» **RECORDS FOR THIS EXERCISE**:
------------------------------------------------------------------------

lemma abs_parabola_error_le:
  assumes x: "x \<in> {0..<1}"
  shows "\<bar>parabola_error d x\<bar> \<le> 1 / real d"
proof -
  have d_pos: "real d > 0"
    using d by simp
  have bounded: "\<bar>parabola_error d z\<bar> \<le> weight_deriv_norm d * real (d + 1) / real d + 1"
    if "z \<in> {0..<1}" for z
  proof -
    have "\<bar>F_deriv d z / real (d + 1)\<bar> \<le> \<bar>F_deriv d z\<bar>"
      using mult_left_mono[of 1 "real (d + 1)" "\<bar>F_deriv d z\<bar>"] by (simp add: abs_divide divide_le_eq)
    moreover have "\<bar>parabola_error d z\<bar> \<le> \<bar>F_deriv d z / real (d + 1)\<bar> + \<bar>z * (1 - z)\<bar>"
      unfolding parabola_error_def by (rule abs_triangle_ineq4)
    moreover have "\<bar>z * (1 - z)\<bar> \<le> 1"
      using parabola_bounds[of z] that by auto
    ultimately show ?thesis
      using abs_F_deriv_le[OF d, of z] by linarith
  qed
  have "\<bar>parabola_error d x\<bar> \<le> 1 / (2 * real d) * real (d + 1) / (real (d + 1) - 1)"
    using d_pos bounded base_shift_in_unit parabola_error_contracts
    by (intro abs_le_of_contraction[where T="base_shift d" and S="{0..<1}", OF _ _ _ _ _ x]) auto
  also have "\<dots> \<le> 1 / real d"
    using d d_pos by (simp add: divide_simps)
  finally show ?thesis .
qed

end

lemma Ttilde_eq_F_deriv:
  assumes "d \<ge> 1" "x \<in> {0..<1}"
  shows "Ttilde d x = F_deriv d x / real (d + 1)"
  unfolding Ttilde_def DERIV_imp_deriv[OF DERIV_F[OF assms]] by simp

lemma abs_Ttilde_minus_parabola_le:
  assumes d: "d \<ge> 1" and x: "x \<in> {0..1}"
  shows "\<bar>Ttilde d x - x * (1 - x)\<bar> \<le> 1 / real d"
proof (cases "x < 1")
  case True
  then show ?thesis
    using abs_parabola_error_le[OF d] x
    by (simp add: Ttilde_eq_F_deriv[OF d] parabola_error_def)
next
  case False
  then have "1 \<le> x"
    by simp
  with x show ?thesis
    unfolding Ttilde_def DERIV_imp_deriv[OF DERIV_F_ge_1[OF d \<open>1 \<le> x\<close>]] by simp
qed

lemma tendsto_SUP_ereal_0:
  fixes f :: "nat \<Rightarrow> 'a \<Rightarrow> real"
  assumes "A \<noteq> {}" and bound: "\<And>d x. d \<ge> 1 \<Longrightarrow> x \<in> A \<Longrightarrow> \<bar>f d x\<bar> \<le> 1 / real d"
  shows "(\<lambda>d. SUP x\<in>A. ereal \<bar>f d x\<bar>) \<longlonglongrightarrow> 0"
proof (rule tendsto_sandwich[OF _ _ tendsto_const])
  show "eventually (\<lambda>d. 0 \<le> (SUP x\<in>A. ereal \<bar>f d x\<bar>)) sequentially"
    using \<open>A \<noteq> {}\<close> by (intro always_eventually allI) (auto intro: SUP_upper2)
  show "eventually (\<lambda>d. (SUP x\<in>A. ereal \<bar>f d x\<bar>) \<le> ereal (1 / real d)) sequentially"
    using eventually_ge_at_top[of 1] by eventually_elim (use bound in \<open>auto intro: SUP_least\<close>)
  show "(\<lambda>d. ereal (1 / real d)) \<longlonglongrightarrow> 0"
    using tendsto_ereal[OF lim_inverse_n'] by (simp add: zero_ereal_def)
qed

theorem mainTheorem10:
  shows "(\<forall>d::nat. d \<ge> 1 \<longrightarrow> (\<forall>x\<in>{0..1::real}.
            (\<exists>D. ((\<lambda>q. F d q x) has_real_derivative D) (at (1 / real (d + 1))))))
       \<and> ((\<lambda>d. SUP x\<in>{0..1::real}. ereal \<bar>Ttilde d x - x * (1 - x)\<bar>) \<longlonglongrightarrow> 0)"
proof
  show "\<forall>d::nat. d \<ge> 1 \<longrightarrow> (\<forall>x\<in>{0..1::real}.
      \<exists>D. ((\<lambda>q. F d q x) has_real_derivative D) (at (1 / real (d + 1))))"
    using DERIV_F DERIV_F_ge_1 by (metis atLeastAtMost_iff atLeastLessThan_iff not_le)
  show "(\<lambda>d. SUP x\<in>{0..1::real}. ereal \<bar>Ttilde d x - x * (1 - x)\<bar>) \<longlonglongrightarrow> 0"
    by (rule tendsto_SUP_ereal_0) (auto intro: abs_Ttilde_minus_parabola_le)
qed

end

------------------------------------------------------------------------

» **YOUR TASK**:
Restate the records in full, keeping every word as it is.

» **RESPONSE FOR THIS EXERCISE**:
lemma abs_parabola_error_le:
  assumes x: "x \<in> {0..<1}"
  shows "\<bar>parabola_error d x\<bar> \<le> 1 / real d"
proof -
  have d_pos: "real d > 0"
    using d by simp
  have bounded: "\<bar>parabola_error d z\<bar> \<le> weight_deriv_norm d * real (d + 1) / real d + 1"
    if "z \<in> {0..<1}" for z
  proof -
    have "\<bar>F_deriv d z / real (d + 1)\<bar> \<le> \<bar>F_deriv d z\<bar>"
      using mult_left_mono[of 1 "real (d + 1)" "\<bar>F_deriv d z\<bar>"] by (simp add: abs_divide divide_le_eq)
    moreover have "\<bar>parabola_error d z\<bar> \<le> \<bar>F_deriv d z / real (d + 1)\<bar> + \<bar>z * (1 - z)\<bar>"
      unfolding parabola_error_def by (rule abs_triangle_ineq4)
    moreover have "\<bar>z * (1 - z)\<bar> \<le> 1"
      using parabola_bounds[of z] that by auto
    ultimately show ?thesis
      using abs_F_deriv_le[OF d, of z] by linarith
  qed
  have "\<bar>parabola_error d x\<bar> \<le> 1 / (2 * real d) * real (d + 1) / (real (d + 1) - 1)"
    using d_pos bounded base_shift_in_unit parabola_error_contracts
    by (intro abs_le_of_contraction[where T="base_shift d" and S="{0..<1}", OF _ _ _ _ _ x]) auto
  also have "\<dots> \<le> 1 / real d"
    using d d_pos by (simp add: divide_simps)
  finally show ?thesis .
qed

end

lemma Ttilde_eq_F_deriv:
  assumes "d \<ge> 1" "x \<in> {0..<1}"
  shows "Ttilde d x = F_deriv d x / real (d + 1)"
  unfolding Ttilde_def DERIV_imp_deriv[OF DERIV_F[OF assms]] by simp

lemma abs_Ttilde_minus_parabola_le:
  assumes d: "d \<ge> 1" and x: "x \<in> {0..1}"
  shows "\<bar>Ttilde d x - x * (1 - x)\<bar> \<le> 1 / real d"
proof (cases "x < 1")
  case True
  then show ?thesis
    using abs_parabola_error_le[OF d] x
    by (simp add: Ttilde_eq_F_deriv[OF d] parabola_error_def)
next
  case False
  then have "1 \<le> x"
    by simp
  with x show ?thesis
    unfolding Ttilde_def DERIV_imp_deriv[OF DERIV_F_ge_1[OF d \<open>1 \<le> x\<close>]] by simp
qed

lemma tendsto_SUP_ereal_0:
  fixes f :: "nat \<Rightarrow> 'a \<Rightarrow> real"
  assumes "A \<noteq> {}" and bound: "\<And>d x. d \<ge> 1 \<Longrightarrow> x \<in> A \<Longrightarrow> \<bar>f d x\<bar> \<le> 1 / real d"
  shows "(\<lambda>d. SUP x\<in>A. ereal \<bar>f d x\<bar>) \<longlonglongrightarrow> 0"
proof (rule tendsto_sandwich[OF _ _ tendsto_const])
  show "eventually (\<lambda>d. 0 \<le> (SUP x\<in>A. ereal \<bar>f d x\<bar>)) sequentially"
    using \<open>A \<noteq> {}\<close> by (intro always_eventually allI) (auto intro: SUP_upper2)
  show "eventually (\<lambda>d. (SUP x\<in>A. ereal \<bar>f d x\<bar>) \<le> ereal (1 / real d)) sequentially"
    using eventually_ge_at_top[of 1] by eventually_elim (use bound in \<open>auto intro: SUP_least\<close>)
  show "(\<lambda>d. ereal (1 / real d)) \<longlonglongrightarrow> 0"
    using tendsto_ereal[OF lim_inverse_n'] by (simp add: zero_ereal_def)
qed

theorem mainTheorem10:
  shows "(\<forall>d::nat. d \<ge> 1 \<longrightarrow> (\<forall>x\<in>{0..1::real}.
            (\<exists>D. ((\<lambda>q. F d q x) has_real_derivative D) (at (1 / real (d + 1))))))
       \<and> ((\<lambda>d. SUP x\<in>{0..1::real}. ereal \<bar>Ttilde d x - x * (1 - x)\<bar>) \<longlonglongrightarrow> 0)"
proof
  show "\<forall>d::nat. d \<ge> 1 \<longrightarrow> (\<forall>x\<in>{0..1::real}.
      \<exists>D. ((\<lambda>q. F d q x) has_real_derivative D) (at (1 / real (d + 1))))"
    using DERIV_F DERIV_F_ge_1 by (metis atLeastAtMost_iff atLeastLessThan_iff not_le)
  show "(\<lambda>d. SUP x\<in>{0..1::real}. ereal \<bar>Ttilde d x - x * (1 - x)\<bar>) \<longlonglongrightarrow> 0"
    by (rule tendsto_SUP_ereal_0) (auto intro: abs_Ttilde_minus_parabola_le)
qed

end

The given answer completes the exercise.